FortiToken drift adjustment

When FortiAuthenticator and FortiTokens have been initialized prior to setting an NTP server, the time difference can be too large to correct with the synchronize function, forcing all tokens to resynchronize. To avoid this, selected tokens can be manually drift shifted.

caution icon

The following procedure is intended for use only in special cases where some FortiTokens are severely out-of-sync, for example, when a token is switched from manual configuration to NTP control. Under normal circumstances, this is not required.

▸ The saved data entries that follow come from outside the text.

lemma norm_grad_step_le: "norm (grad (step x)) \<le> norm (grad x)"
proof -
  have "norm (step x - step (step x)) \<le> norm (x - step x)"
    by (rule firmly_nonexpansive_imp_nonexpansive[OF firmly_nonexpansive_step])
  then show ?thesis
    using lam_pos by (simp add: step_def)
qed

lemma value_bound_iterate:
  assumes m: "m \<in> argmin_set F"
  shows "real (Suc k) * (F ((step ^^ k) x) - F m) + (norm ((step ^^ Suc k) x - m))\<^sup>2 / (2 * lam)
    \<le> (norm (x - m))\<^sup>2 / (2 * lam)"
proof (induction k)
  case 0
  show ?case
    using step_fejer[OF m, of x] by simp
next
  case (Suc k)
  define y where "y = (step ^^ Suc k) x"
  have "real (Suc k) * (F y - F m) \<le> real (Suc k) * (F ((step ^^ k) x) - F m)"
    using F_step_le[of "(step ^^ k) x"] unfolding y_def by (intro mult_left_mono) auto
  then show ?case
    using Suc.IH step_fejer[OF m, of y] unfolding y_def by (simp add: algebra_simps)
qed

lemma grad_bound_iterate:
  "real (Suc j) * (lam * (norm (grad ((step ^^ (i + j)) x)))\<^sup>2 / 2)
    \<le> F ((step ^^ i) x) - F ((step ^^ Suc (i + j)) x)"
proof (induction j)
  case 0
  show ?case
    using step_decrease[of "(step ^^ i) x"] by simp
next
  case (Suc j)
  define y where "y = (step ^^ (i + j)) x"
  define G G' where "G = lam * (norm (grad y))\<^sup>2 / 2" and "G' = lam * (norm (grad (step y)))\<^sup>2 / 2"
  have "G' \<le> G"
    unfolding G_def G'_def using norm_grad_step_le[of y] lam_pos
    by (simp add: power_mono mult_left_mono)
  then have "real (Suc j) * G' \<le> real (Suc j) * G"
    by (simp add: mult_left_mono)
  moreover have "real (Suc (Suc j)) * G' = real (Suc j) * G' + G'"
    by (simp add: algebra_simps)
  moreover have "real (Suc j) * G \<le> F ((step ^^ i) x) - F (step y)"
    using Suc.IH unfolding y_def G_def by simp
  moreover have "F (step (step y)) \<le> F (step y) - G'"
    unfolding G'_def by (rule step_decrease)
  ultimately have "real (Suc (Suc j)) * G' \<le> F ((step ^^ i) x) - F (step (step y))"
    by linarith
  then show ?case
    unfolding y_def G'_def by simp
qed

text \<open>
  Splitting \<open>k = a + j\<close> in halves, the last \<open>j\<close> steps bound \<open>j |grad|\<^sup>2\<close> by the excess value
  after \<open>a\<close> steps, which is \<open>O(1/a)\<close>; this gives \<open>|grad|\<^sup>2 = O(1/k\<^sup>2)\<close>.
\<close>
lemma grad_rate_minimizer:
  assumes m: "m \<in> argmin_set F"
  shows "norm (grad ((step ^^ k) x)) \<le> 2 * norm (x - m) / (lam * (real k + 1))"
proof -
  define a j where "a = k div 2" and "j = k - k div 2"
  define N S where "N = norm (grad ((step ^^ k) x))" and "S = real (Suc a) * real (Suc j)"
  have k: "k = a + j"
    unfolding a_def j_def by simp
  have "F m \<le> F ((step ^^ Suc k) x)"
    using m unfolding argmin_set_def by blast
  then have "real (Suc j) * (lam * N\<^sup>2 / 2) \<le> F ((step ^^ a) x) - F m"
    using grad_bound_iterate[of j a x] unfolding N_def k by simp
  then have "real (Suc a) * (real (Suc j) * (lam * N\<^sup>2 / 2)) \<le> real (Suc a) * (F ((step ^^ a) x) - F m)"
    by (rule mult_left_mono) simp
  also have "\<dots> \<le> (norm (x - m))\<^sup>2 / (2 * lam)"
    using value_bound_iterate[OF m, of a x] lam_pos
      divide_nonneg_pos[OF zero_le_power2, of lam "norm ((step ^^ Suc a) x - m)"]
    by linarith
  finally have product_bound: "lam\<^sup>2 * N\<^sup>2 * S \<le> (norm (x - m))\<^sup>2"
    unfolding S_def using lam_pos by (simp add: field_simps power2_eq_square)
  have "(real k + 1)\<^sup>2 \<le> 4 * S"
    unfolding S_def a_def j_def by (rule square_Suc_le_four_mult_halves)
  then have "lam\<^sup>2 * N\<^sup>2 * (real k + 1)\<^sup>2 \<le> lam\<^sup>2 * N\<^sup>2 * (4 * S)"
    by (rule mult_left_mono) simp
  also have "\<dots> \<le> (2 * norm (x - m))\<^sup>2"
    using product_bound by (simp add: power_mult_distrib)
  finally have "(lam * (real k + 1) * N)\<^sup>2 \<le> (2 * norm (x - m))\<^sup>2"
    by (simp add: power_mult_distrib ac_simps)
  then have "lam * (real k + 1) * N \<le> 2 * norm (x - m)"
    by (rule power2_le_imp_le) simp
  moreover have "lam * (real k + 1) > 0"
    using lam_pos by simp
  ultimately show ?thesis
    unfolding N_def by (simp add: pos_le_divide_eq mult.commute)
qed

lemma value_rate_minimizer:
  assumes m: "m \<in> argmin_set F"
  shows "F ((step ^^ k) x) - F m \<le> (norm (x - m))\<^sup>2 / (2 * lam * real (Suc k))"
proof -
  have "real (Suc k) * (F ((step ^^ k) x) - F m) \<le> (norm (x - m))\<^sup>2 / (2 * lam)"
    using value_bound_iterate[OF m, of k x] lam_pos
      divide_nonneg_pos[OF zero_le_power2, of lam "norm ((step ^^ Suc k) x - m)"]
    by linarith
  then have "(F ((step ^^ k) x) - F m) * (2 * lam * real (Suc k)) \<le> (norm (x - m))\<^sup>2"
    using lam_pos by (simp add: field_simps)
  moreover have "0 < 2 * lam * real (Suc k)"
    using lam_pos by simp
  ultimately show ?thesis
    by (simp add: pos_le_divide_eq)
qed

lemma value_tendsto_minimum:
  assumes m: "m \<in> argmin_set F"
  shows "(\<lambda>k. F ((step ^^ k) x)) \<longlonglongrightarrow> F m"
proof (rule tendsto_sandwich)
  show "\<forall>\<^sub>F k in sequentially. F m \<le> F ((step ^^ k) x)"
    using m unfolding argmin_set_def by simp
  show "\<forall>\<^sub>F k in sequentially. F ((step ^^ k) x) \<le> F m + (norm (x - m))\<^sup>2 / (2 * lam * real (Suc k))"
    using value_rate_minimizer[OF m] by (simp add: algebra_simps del: of_nat_Suc)
  have "(\<lambda>k. (norm (x - m))\<^sup>2 / (2 * lam * real (Suc k))) \<longlonglongrightarrow> 0"
    using LIMSEQ_Suc[OF lim_const_over_n[of "(norm (x - m))\<^sup>2 / (2 * lam)"]]
    by (simp del: of_nat_Suc)
  then show "(\<lambda>k. F m + (norm (x - m))\<^sup>2 / (2 * lam * real (Suc k))) \<longlonglongrightarrow> F m"
    using tendsto_add[OF tendsto_const[of "F m"]] by force
qed simp

lemma closed_argmin_set: "closed (argmin_set F)"
proof -
  have "closed (\<Inter>y. {x. F x \<le> F y})"
    by (intro closed_INT ballI closed_Collect_le continuous_F continuous_on_const)
  moreover have "argmin_set F = (\<Inter>y. {x. F x \<le> F y})"
    unfolding argmin_set_def by blast
  ultimately show ?thesis
    by simp
qed

lemma nearest_minimizer:
  assumes "argmin_set F \<noteq> {}"
  obtains m where "m \<in> argmin_set F" "infdist x (argmin_set F) = norm (x - m)"
proof -
  obtain m where "m \<in> argmin_set F" "infdist x (argmin_set F) = dist x m"
    using infdist_attains_inf[OF closed_argmin_set assms] by blast
  then show ?thesis
    using that by (simp add: dist_norm)
qed

lemma INF_eq_minimizer:
  assumes "m \<in> argmin_set F"
  shows "(INF y. F y) = F m"
  using assms unfolding argmin_set_def by (intro cInf_eq_minimum) auto

lemma gradient_descent_value_rate:
  assumes "argmin_set F \<noteq> {}" and k: "k \<ge> 1"
  shows "F ((step ^^ k) x) - (INF y. F y) \<le> (infdist x (argmin_set F))\<^sup>2 / (2 * lam * real k)"
proof -
  obtain m where m: "m \<in> argmin_set F" and d: "infdist x (argmin_set F) = norm (x - m)"
    using nearest_minimizer[OF assms(1)] by blast
  have "F ((step ^^ k) x) - F m \<le> (norm (x - m))\<^sup>2 / (2 * lam * real (Suc k))"
    by (rule value_rate_minimizer[OF m])
  also have "\<dots> \<le> (norm (x - m))\<^sup>2 / (2 * lam * real k)"
    using k lam_pos by (intro divide_left_mono) auto
  finally show ?thesis
    unfolding INF_eq_minimizer[OF m] d .
qed

lemma gradient_descent_grad_rate:
  assumes "argmin_set F \<noteq> {}"
  shows "norm (grad ((step ^^ k) x)) \<le> 2 * infdist x (argmin_set F) / (lam * (real k + 1))"
proof -
  obtain m where "m \<in> argmin_set F" "infdist x (argmin_set F) = norm (x - m)"
    using nearest_minimizer[OF assms] by blast
  then show ?thesis
    using grad_rate_minimizer by simp
qed

lemma gradient_descent_converges:
  assumes "argmin_set F \<noteq> {}"
  shows "\<exists>l \<in> argmin_set F. (\<lambda>k. (step ^^ k) x) \<longlonglongrightarrow> l"
proof -
  define X where "X k = (step ^^ k) x" for k
  obtain m where m: "m \<in> argmin_set F"
    using assms by blast
  have fejer: "dist (X (Suc k)) l \<le> dist (X k) l" if "l \<in> argmin_set F" for k l
    using dist_step_minimizer_le[OF that] by (simp add: X_def dist_norm)
  have "dist (X k) m \<le> dist (X 0) m" for k
    using decseqD[OF decseq_SucI[of "\<lambda>k. dist (X k) m"], of 0 k] fejer[OF m] by simp
  then have "bounded (range X)"
    by (auto simp: bounded_any_center[of _ m] dist_commute)
  then obtain l r where r: "strict_mono r" and sub: "(X \<circ> r) \<longlonglongrightarrow> l"
    using bounded_imp_convergent_subsequence by blast
  have "(\<lambda>k. F (X k)) \<longlonglongrightarrow> F m"
    unfolding X_def using m by (rule value_tendsto_minimum)
  then have "(\<lambda>k. F (X (r k))) \<longlonglongrightarrow> F m"
    using LIMSEQ_subseq_LIMSEQ[OF _ r] by (simp add: o_def)
  moreover have "(\<lambda>k. F (X (r k))) \<longlonglongrightarrow> F l"
    using continuous_on_tendsto_compose[OF continuous_F sub] by (simp add: o_def)
  ultimately have "F m = F l"
    by (rule LIMSEQ_unique)
  then have l: "l \<in> argmin_set F"
    using m unfolding argmin_set_def by simp
  have "X \<longlonglongrightarrow> l"
    using fejer[OF l] r sub by (rule decreasing_dist_subseq_imp_LIMSEQ)
  then show ?thesis
    using l unfolding X_def by blast
qed

section \<open>The gradient step as a proximal map\<close>

definition psi :: "'a \<Rightarrow> real" where
  "psi x = (norm x)\<^sup>2 / 2 - lam * F x"

lemma psi_tangent_gap: "psi z - psi x - inner (step x) (z - x) = (norm (z - x))\<^sup>2 / 2 - lam * (F z - F x - inner (grad x) (z - x))"
  unfolding psi_def step_def
  by (simp add: power2_norm_eq_inner inner_diff_left inner_diff_right inner_commute field_simps)

lemma psi_above_tangent: "psi x + inner (step x) (z - x) \<le> psi z"
proof -
  have "lam * (F z - F x - inner (grad x) (z - x)) \<le> lam * ((norm (z - x))\<^sup>2 / (2 * lam))"
    using upper_quadratic[where x=x and z=z] lam_pos by (intro mult_left_mono) auto
  then show ?thesis
    using psi_tangent_gap[of z x] lam_pos by simp
qed

lemma psi_below_quadratic: "psi z \<le> psi x + inner (step x) (z - x) + (norm (z - x))\<^sup>2 / 2"
proof -
  have "0 \<le> lam * (F z - F x - inner (grad x) (z - x))"
    using gradient_inequality[of x z] lam_pos by simp
  then show ?thesis
    using psi_tangent_gap[of z x] by simp
qed

lemma surj_step_if_coercive:
  assumes coercive: "\<And>p. filterlim (\<lambda>x. psi x - inner x p) at_top at_infinity"
  shows "surj step"
  unfolding surj_def
proof
  fix p
  have "continuous_on UNIV (\<lambda>x. psi x - inner x p)"
    unfolding psi_def by (intro continuous_intros continuous_F) auto
  then obtain m where m: "\<And>y. psi m - inner m p \<le> psi y - inner y p"
    using continuous_coercive_attains_min[OF _ coercive] by blast
  define d where "d = step m - p"
  have d: "(norm d)\<^sup>2 = inner (step m) d - inner d p"
    using inner_diff_left[of "step m" p d] unfolding d_def[symmetric] power2_norm_eq_inner
    by (simp add: inner_commute)
  have "psi (m - d) \<le> psi m - inner (step m) d + (norm d)\<^sup>2 / 2"
    using psi_below_quadratic[of "m - d" m] by (simp add: inner_minus_right)
  moreover have "psi m - inner m p \<le> psi (m - d) - inner m p + inner d p"
    using m[of "m - d"] by (simp add: inner_diff_left)
  ultimately have "(norm d)\<^sup>2 \<le> 0"
    using d by linarith
  then show "\<exists>m. p = step m"
    unfolding d_def by auto
qed

text \<open>
  The Fenchel conjugate of \<open>psi\<close>: as \<open>psi\<close> is convex with gradient \<open>step\<close>, the supremum of
  \<open>\<langle>x, p\<rangle> - psi x\<close> is attained at any preimage of \<open>p\<close> under \<open>step\<close>.
\<close>
definition psi_conj :: "'a \<Rightarrow> real" where
  "psi_conj p = inner (inv step p) p - psi (inv step p)"

definition prox_potential :: "'a \<Rightarrow> real" where
  "prox_potential p = psi_conj p - (norm p)\<^sup>2 / 2"

context
  assumes surj: "surj step"
begin

lemma psi_conj_ge: "inner x q - psi x + (norm (q - step x))\<^sup>2 / 2 \<le> psi_conj q"
proof -
  define y z where "y = inv step q" and "z = x + (q - step x)"
  have q: "step y = q"
    unfolding y_def using surj by (rule surj_f_inv_f)
  have "psi z \<le> psi x + inner (step x) (q - step x) + (norm (q - step x))\<^sup>2 / 2"
    using psi_below_quadratic[of z x] unfolding z_def by simp
  moreover have "psi y + inner q (z - y) \<le> psi z"
    using psi_above_tangent[of y z] unfolding q .
  moreover have "inner q (z - y) = inner x q + inner (q - step x) q - inner y q"
    unfolding z_def by (simp add: inner_diff_right inner_add_right inner_commute)
  moreover have "inner (q - step x) q - inner (step x) (q - step x) = (norm (q - step x))\<^sup>2"
    by (simp add: power2_norm_eq_inner inner_diff_left inner_diff_right inner_commute)
  ultimately show ?thesis
    unfolding psi_conj_def y_def[symmetric] by linarith
qed

lemma psi_conj_step: "psi_conj (step x) = inner x (step x) - psi x"
proof (rule antisym)
  define y where "y = inv step (step x)"
  have "step y = step x"
    unfolding y_def using surj by (rule surj_f_inv_f)
  then have "psi x + inner (step x) (y - x) \<le> psi y"
    using psi_above_tangent[of x y] by simp
  then show "psi_conj (step x) \<le> inner x (step x) - psi x"
    unfolding psi_conj_def y_def[symmetric] by (simp add: inner_diff_left inner_commute)
  show "inner x (step x) - psi x \<le> psi_conj (step x)"
    using psi_conj_ge[of x "step x"] by simp
qed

Only activated FortiTokens can be adjusted.

To perform time drift adjustment on a FortiToken:
  1. In a browser, go to:
  2. https://<FortiAuthenticator-IP-Address>/admin/fac_auth/fortitokendrift/

  3. Select the FortiToken to adjust, then select Adjust Drift. The Adjust Token Drift window opens.
  4. Enter the required Time adjustment in minutes.
  5. Make sure to include a minus sign (-) for a negative value, but don’t use a plus sign (+) for a positive value.

  6. Select OK to adjust the token drift.